Edward was developing his interest in geology, which had been awakened by talks in Amherst by Amos Eaton while on a lecture tour. In the summer of 1817, he sent mineral samples to Benjamin Silliman, who was at that time establishing the science curriculum at Yale College in New Haven, Connecticut. Encouraged by Silliman’s courteous reply, Edward sent more samples in October, accompanied by a geological map he had made of a section of the Connecticut River Valley. It must have been quite a surprise for Silliman to see such accomplished work coming from this unknown young man. In his letter, Edward introduced Orra as his “assistant” and mentioned her talents as a botanical illustrator and landscape artist.
Silliman was in the process of founding the American Journal of Science, which went on to become the premiere scientific publication in the country for many years. He was impressed with Edward's work and delighted to publish it. However, when he gently turned down as insufficiently scientific a landscape by Orra that Edward hoped to include, Edward, in flustered embarrassment, claimed never to have thought seriously that the drawing would be accepted. He quickly made up for any hint of insult to Orra. The drawing was published instead in Port Folio, a Philadelphia literary magazine, with Edward's description of the view a few pages later.

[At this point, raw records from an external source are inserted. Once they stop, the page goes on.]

lemma of_nat_neq_0_finite_field:
  assumes "prime p" "card (UNIV :: 'f::{finite,field} set) = p" "0 < t" "t < p"
  shows "of_nat t \<noteq> (0::'f)"
proof -
  have "CHAR('f) dvd p" using CHAR_dvd_CARD[where 'a='f] assms(2) by simp
  moreover have "CHAR('f) \<noteq> 1" using CHAR_not_1'[where 'a='f] by simp
  ultimately have "CHAR('f) = p" using assms(1) unfolding prime_nat_iff by blast
  then show ?thesis using assms(3,4) by (simp add: of_nat_eq_0_iff_char_dvd) (meson nat_dvd_not_less)
qed

theorem proposition30:
  fixes p k r :: nat and n :: "nat \<Rightarrow> nat"
    and \<psi> :: "(nat \<times> nat \<Rightarrow> 'f::{finite, field}) list \<Rightarrow> (nat \<times> nat \<Rightarrow> 'f) \<Rightarrow> 'f"
  assumes "prime p" and "card (UNIV :: 'f set) = p"
    and "k \<ge> 1" and "r \<ge> 1" and "p \<ge> r + 1"
    and "multilinear_form k n r \<psi>"
    and sym: "\<And>a d i j. set a \<subseteq> Gsum k n \<Longrightarrow> length a = r - 1 \<Longrightarrow> d \<in> Gsum k n \<Longrightarrow>
               i < j \<Longrightarrow> j < r - 1 \<Longrightarrow> \<psi> (a[i := a ! j, j := a ! i]) d = \<psi> a d"
    and swap: "\<And>a d i j u. set a \<subseteq> Gsum k n \<Longrightarrow> length a = r - 1 \<Longrightarrow> d \<in> Gsum k n \<Longrightarrow>
               i < r - 1 \<Longrightarrow> j < k \<Longrightarrow> u \<in> Gcomp n j \<Longrightarrow>
               \<psi> (a[i := iota n j u]) d = \<psi> (a[i := iota n j (comp d j)]) (setcomp n d j u)"
  shows "\<exists>P Q. in_Pkr k n r P \<and> is_poly Q
           \<and> (\<forall>m. Q m \<noteq> 0 \<longrightarrow> (\<forall>v\<in>#m. Qvar_ok k n r v) \<and> (\<exists>i<k. \<forall>c. Inr (i, c) \<notin># m))
           \<and> (\<forall>a x. set a \<subseteq> Gsum k n \<and> length a = r - 1 \<and> x \<in> Gsum k n \<longrightarrow>
                \<psi> a x = Deltas a (poly_eval P) x + poly_eval Q (Qassign a x))"
proof -
  obtain m where r: "r = Suc m" using \<open>r \<ge> 1\<close> by (cases r) auto
  have ml: "multilinear_form k n (Suc m) \<psi>" using assms(6) r by simp
  have sy: "sym_slots k n m \<psi>" using sym unfolding sym_slots_def r by simp
  have sw: "swap_comp k n m \<psi>" using swap unfolding swap_comp_def r by simp
  have char: "\<And>t. 0 < t \<Longrightarrow> t \<le> Suc m \<Longrightarrow> of_nat t \<noteq> (0::'f)"
    using of_nat_neq_0_finite_field[OF assms(1,2)] assms(5) r by simp
  obtain P where P: "in_Pkr k n r P" "\<And>y. y \<in> Gsum k n \<Longrightarrow> primitive k n m \<psi> y = poly_eval P y"
    using primitive_in_Pkr[OF ml] r by blast
  have "\<exists>Q. is_poly Q \<and> (\<forall>M. Q M \<noteq> 0 \<longrightarrow> M \<in> Q_monomials k n r) \<and>
      (\<forall>a x. set a \<subseteq> Gsum k n \<and> length a = r - 1 \<and> x \<in> Gsum k n \<longrightarrow>
         \<psi> a x = Deltas a (poly_eval P) x + poly_eval Q (Qassign a x))"
    using incl_excl_form_minus_Deltas[OF assms(3) ml sy sw char P(2)] r by (intro poly_remainder_of_incl_excl_eq_0) simp
  then show ?thesis using P(1) unfolding Q_monomials_def by blast
qed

A glowing review of Jacob Bigelow's American Medical Botany appeared in an issue of Port Folio earlier that year, with high praise for the drawings. The review does not single out any drawings identified as Orra's, but it may have been a useful connection.

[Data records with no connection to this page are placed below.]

(* In the setting below, let $\tilde h\in L_2(s)$ and define $h^*(\theta)=\tilde h(t(\theta))$ for $\theta\in\Theta$. Then $h^*\in L_2(\nu)$ and $\tilde\Delta(\tilde h)=\Delta(h^* )$.
   Context: $(\mathcal{X},\mathcal{B})$ and $(\Theta,\mathcal{C})$ are Polish spaces with Borel $\sigma$-algebras; $P(\cdot\mid\theta)$ is a Markov kernel; $\nu$ is a $\sigma$-finite measure on $\Theta$; the marginal $M(B)=\int P(B\mid\theta)\nu(d\theta)$ is $\sigma$-finite; $Q(d\theta\mid x)$ is a Markov kernel with $P(dx\mid\theta)\nu(d\theta)=Q(d\theta\mid x)M(dx)$. The transition $R(C\mid\eta)=\int_{\mathcal{X}}Q(C\mid x)P(dx\mid\eta)$ defines the Dirichlet form $\Delta(h)=\frac12\int\int (h(\theta)-h(\eta))^2R(d\theta\mid\eta)\nu(d\eta)$ for $h\in L_2(\nu)$. Let $t:\Theta\to[0,\infty)$ be measurable and $s(A)=\nu(t^{-1}(A))$ on Borel sets of $[0,\infty)$. Assume there are disjoint Borel sets $A_i$, $i\ge1$, covering $[0,\infty)$ with $0<\nu(t^{-1}(A_i))<\infty$. Let $\pi(d\theta\mid a)$ be a Markov kernel with $\int f_2(t(\theta))f_1(\theta)\nu(d\theta)=\int_0^\infty f_2(a)\int f_1(\theta)\pi(d\theta\mid a)\,s(da)$ for all nonnegative measurable $f_1,f_2$. Set $\tilde P(dx\mid a)=\int P(dx\mid\theta)\pi(d\theta\mid a)$; its marginal under $s$ is $M$, and $\tilde Q(da\mid x)$ is a Markov kernel with $\tilde P(dx\mid a)s(da)=\tilde Q(da\mid x)M(dx)$. Let $\tilde R(da\mid b)=\int\tilde Q(da\mid x)\tilde P(dx\mid b)$ and $\tilde\Delta(\tilde h)=\frac12\int_0^\infty\int_0^\infty(\tilde h(a)-\tilde h(b))^2\tilde R(da\mid b)s(db)$. *)

theory Defs
  imports "HOL-Probability.Probability"
begin

definition markov_kernel :: "'a measure \<Rightarrow> 'b measure \<Rightarrow> ('a \<Rightarrow> 'b measure) \<Rightarrow> bool" where
  "markov_kernel A B K \<longleftrightarrow> K \<in> A \<rightarrow>\<^sub>M prob_algebra B"

text \<open>Joint-measure identity  K(dy|x) mu(dx) = L(dx|y) m(dy), i.e. for all measurable
  rectangles A (in the space of mu) and B (in the space of m):
  integral over A of K(B|x) mu(dx) = integral over B of L(A|y) m(dy).\<close>
definition joint_identity ::
  "('a \<Rightarrow> 'b measure) \<Rightarrow> 'a measure \<Rightarrow> ('b \<Rightarrow> 'a measure) \<Rightarrow> 'b measure \<Rightarrow> bool" where
  "joint_identity K mu L m \<longleftrightarrow>
     (\<forall>A\<in>sets mu. \<forall>B\<in>sets m.
        (\<integral>\<^sup>+x. indicator A x * emeasure (K x) B \<partial>mu) = (\<integral>\<^sup>+y. indicator B y * emeasure (L y) A \<partial>m))"

definition dirichlet_form :: "('a \<Rightarrow> 'a measure) \<Rightarrow> 'a measure \<Rightarrow> ('a \<Rightarrow> real) \<Rightarrow> ennreal" where
  "dirichlet_form R mu h = (\<integral>\<^sup>+\<eta>. (\<integral>\<^sup>+\<theta>. ennreal ((h \<theta> - h \<eta>)\<^sup>2) \<partial>(R \<eta>)) \<partial>mu) / 2"

definition in_L2 :: "'a measure \<Rightarrow> ('a \<Rightarrow> real) \<Rightarrow> bool" where
  "in_L2 mu f \<longleftrightarrow> f \<in> borel_measurable mu \<and> integrable mu (\<lambda>x. (f x)\<^sup>2)"

end

theory Submission
  imports Defs
begin

(*
  The joint identities say that the kernel pairs (P, Q), (Pt, Qt) and (pi, delta o t) are adjoint:
  K(db|a) mu(da) = L(da|b) m(db).  Adjointness is preserved under composition of kernels, so
  Q followed by t is, like Qt, adjoint to Pt = pi P; hence Qt(x) and the image of Q(x) under t
  integrate alike against every test function.  It follows that the one-step laws
  s(db) Rt(da|b) and the image under t x t of nu(d eta) R(d theta|eta) give the same integral to
  every product c(a) d(b) of nonnegative functions.  With p and n the positive and negative parts
  of h, the function (h a - h b)^2 + 2 (p a p b + n a n b) is a sum of such products, and the
  added cross terms are finite because h is in L2(s); cancelling them gives the claim.
*)

definition kernel_adjoint ::
  "'a measure \<Rightarrow> ('a \<Rightarrow> 'b measure) \<Rightarrow> 'b measure \<Rightarrow> ('b \<Rightarrow> 'a measure) \<Rightarrow> bool" where
  "kernel_adjoint \<mu> K m L \<longleftrightarrow> (\<forall>f\<in>borel_measurable \<mu>. \<forall>k\<in>borel_measurable m.
     (\<integral>\<^sup>+a. f a * (\<integral>\<^sup>+b. k b \<partial>K a) \<partial>\<mu>) = (\<integral>\<^sup>+b. k b * (\<integral>\<^sup>+a. f a \<partial>L b) \<partial>m))"

lemma kernel_adjointD:
  assumes "kernel_adjoint \<mu> K m L" "f \<in> borel_measurable \<mu>" "k \<in> borel_measurable m"
  shows "(\<integral>\<^sup>+a. f a * (\<integral>\<^sup>+b. k b \<partial>K a) \<partial>\<mu>) = (\<integral>\<^sup>+b. k b * (\<integral>\<^sup>+a. f a \<partial>L b) \<partial>m)"
  using assms unfolding kernel_adjoint_def by blast

lemma measurable_nn_integral_kernel:
  assumes "K \<in> \<mu> \<rightarrow>\<^sub>M subprob_algebra m" "f \<in> borel_measurable m"
  shows "(\<lambda>a. \<integral>\<^sup>+b. f b \<partial>K a) \<in> borel_measurable \<mu>"
  by (rule measurable_compose[OF assms(1) nn_integral_measurable_subprob_algebra[OF assms(2)]])

lemma nn_integral_density_bind:
  assumes K: "K \<in> \<mu> \<rightarrow>\<^sub>M subprob_algebra m"
    and g: "g \<in> borel_measurable \<mu>" and k: "k \<in> borel_measurable m"
  shows "(\<integral>\<^sup>+b. k b \<partial>(density \<mu> g \<bind> K)) = (\<integral>\<^sup>+a. g a * (\<integral>\<^sup>+b. k b \<partial>K a) \<partial>\<mu>)"
proof -
  have "K \<in> density \<mu> g \<rightarrow>\<^sub>M subprob_algebra m"
    using K by simp
  then show ?thesis
    by (simp add: nn_integral_bind[OF k] nn_integral_density g
        measurable_nn_integral_kernel[OF K k])
qed

lemma density_bind_eqI:
  assumes K: "K \<in> \<mu> \<rightarrow>\<^sub>M subprob_algebra m" and \<mu>: "space \<mu> \<noteq> {}"
    and g: "g \<in> borel_measurable \<mu>" and w: "w \<in> borel_measurable m"
    and eq: "\<And>V. V \<in> sets m \<Longrightarrow>
      (\<integral>\<^sup>+a. g a * emeasure (K a) V \<partial>\<mu>) = (\<integral>\<^sup>+b. w b * indicator V b \<partial>m)"
  shows "density \<mu> g \<bind> K = density m w"
proof (rule measure_eqI)
  show sets: "sets (density \<mu> g \<bind> K) = sets (density m w)"
    using subprob_measurableD(2)[OF K] \<mu> by (subst sets_bind[where N=m]) auto
  fix V assume "V \<in> sets (density \<mu> g \<bind> K)"
  then have V: "V \<in> sets m" using sets by simp
  have "emeasure (density \<mu> g \<bind> K) V = (\<integral>\<^sup>+b. indicator V b \<partial>(density \<mu> g \<bind> K))"
    using sets V by (simp add: nn_integral_indicator)
  also have "\<dots> = (\<integral>\<^sup>+a. g a * emeasure (K a) V \<partial>\<mu>)"
    using V subprob_measurableD(2)[OF K]
    by (simp add: nn_integral_density_bind[OF K g] nn_integral_indicator cong: nn_integral_cong)
  finally show "emeasure (density \<mu> g \<bind> K) V = emeasure (density m w) V"
    using V by (simp add: eq emeasure_density[OF w V])
qed

lemma joint_identity_imp_kernel_adjoint:
  assumes K: "K \<in> \<mu> \<rightarrow>\<^sub>M subprob_algebra m" and L: "L \<in> m \<rightarrow>\<^sub>M subprob_algebra \<mu>"
    and KL: "joint_identity K \<mu> L m"
  shows "kernel_adjoint \<mu> K m L"
  unfolding kernel_adjoint_def
proof (intro ballI)
  (* the two sides integrate k against density mu f >>= K and density m (INT f dL); these
     measures agree on all sets, first for indicators f (by the joint identity), then for all f *)
  fix f :: "_ \<Rightarrow> ennreal" and k :: "_ \<Rightarrow> ennreal"
  assume f: "f \<in> borel_measurable \<mu>" and k: "k \<in> borel_measurable m"
  have Lf: "(\<lambda>b. \<integral>\<^sup>+a. f a \<partial>L b) \<in> borel_measurable m"
    by (rule measurable_nn_integral_kernel[OF L f])
  show "(\<integral>\<^sup>+a. f a * (\<integral>\<^sup>+b. k b \<partial>K a) \<partial>\<mu>) = (\<integral>\<^sup>+b. k b * (\<integral>\<^sup>+a. f a \<partial>L b) \<partial>m)"
  proof (cases "space \<mu> = {}")
    case True
    then have "space m = {}"
      using L by (simp add: measurable_empty_iff space_subprob_algebra_empty_iff)
    with True show ?thesis by (simp add: nn_integral_empty)
  next
    case False
    then have m: "space m \<noteq> {}"
      using K by (auto simp: measurable_empty_iff space_subprob_algebra_empty_iff)
    have KV: "(\<lambda>a. emeasure (K a) V) \<in> borel_measurable \<mu>" if "V \<in> sets m" for V
      by (rule measurable_compose[OF K measurable_emeasure_subprob_algebra[OF that]])
    have "density m (indicator V) \<bind> L = density \<mu> (\<lambda>a. emeasure (K a) V)" if V: "V \<in> sets m" for V
      by (rule density_bind_eqI[OF L m _ KV[OF V]])
        (use KL V in \<open>auto simp: joint_identity_def mult.commute\<close>)
    then have KV_adjoint: "(\<integral>\<^sup>+a. f a * emeasure (K a) V \<partial>\<mu>) = (\<integral>\<^sup>+b. (\<integral>\<^sup>+a. f a \<partial>L b) * indicator V b \<partial>m)"
      if V: "V \<in> sets m" for V
      using nn_integral_density[OF KV[OF V] f] nn_integral_density_bind[OF L _ f, of "indicator V"] V
      by (simp add: mult.commute)
    have "density \<mu> f \<bind> K = density m (\<lambda>b. \<integral>\<^sup>+a. f a \<partial>L b)"
      by (rule density_bind_eqI[OF K False f Lf KV_adjoint])
    then show ?thesis
      using nn_integral_density_bind[OF K f k] nn_integral_density[OF Lf k]
      by (simp add: mult.commute)
  qed
qed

His relationship with Silliman became most important in Edward's life. After a few months of study in 1818, Silliman awarded Hitchcock an honorary master's degree from Yale. He was a mentor who graciously moved into the role of colleague as Edward's star rose, and a staunch defender when Edward's scientific ideas were ridiculed. They sent greetings to each other's wives in their professional correspondence and occasionally stayed in one another's home (usually Edward at Silliman's) when they needed to meet in person. Their similarity in religious belief further cemented what was for both of them an important professional relationship that, with only one lamentable break, lasted the rest of their lives.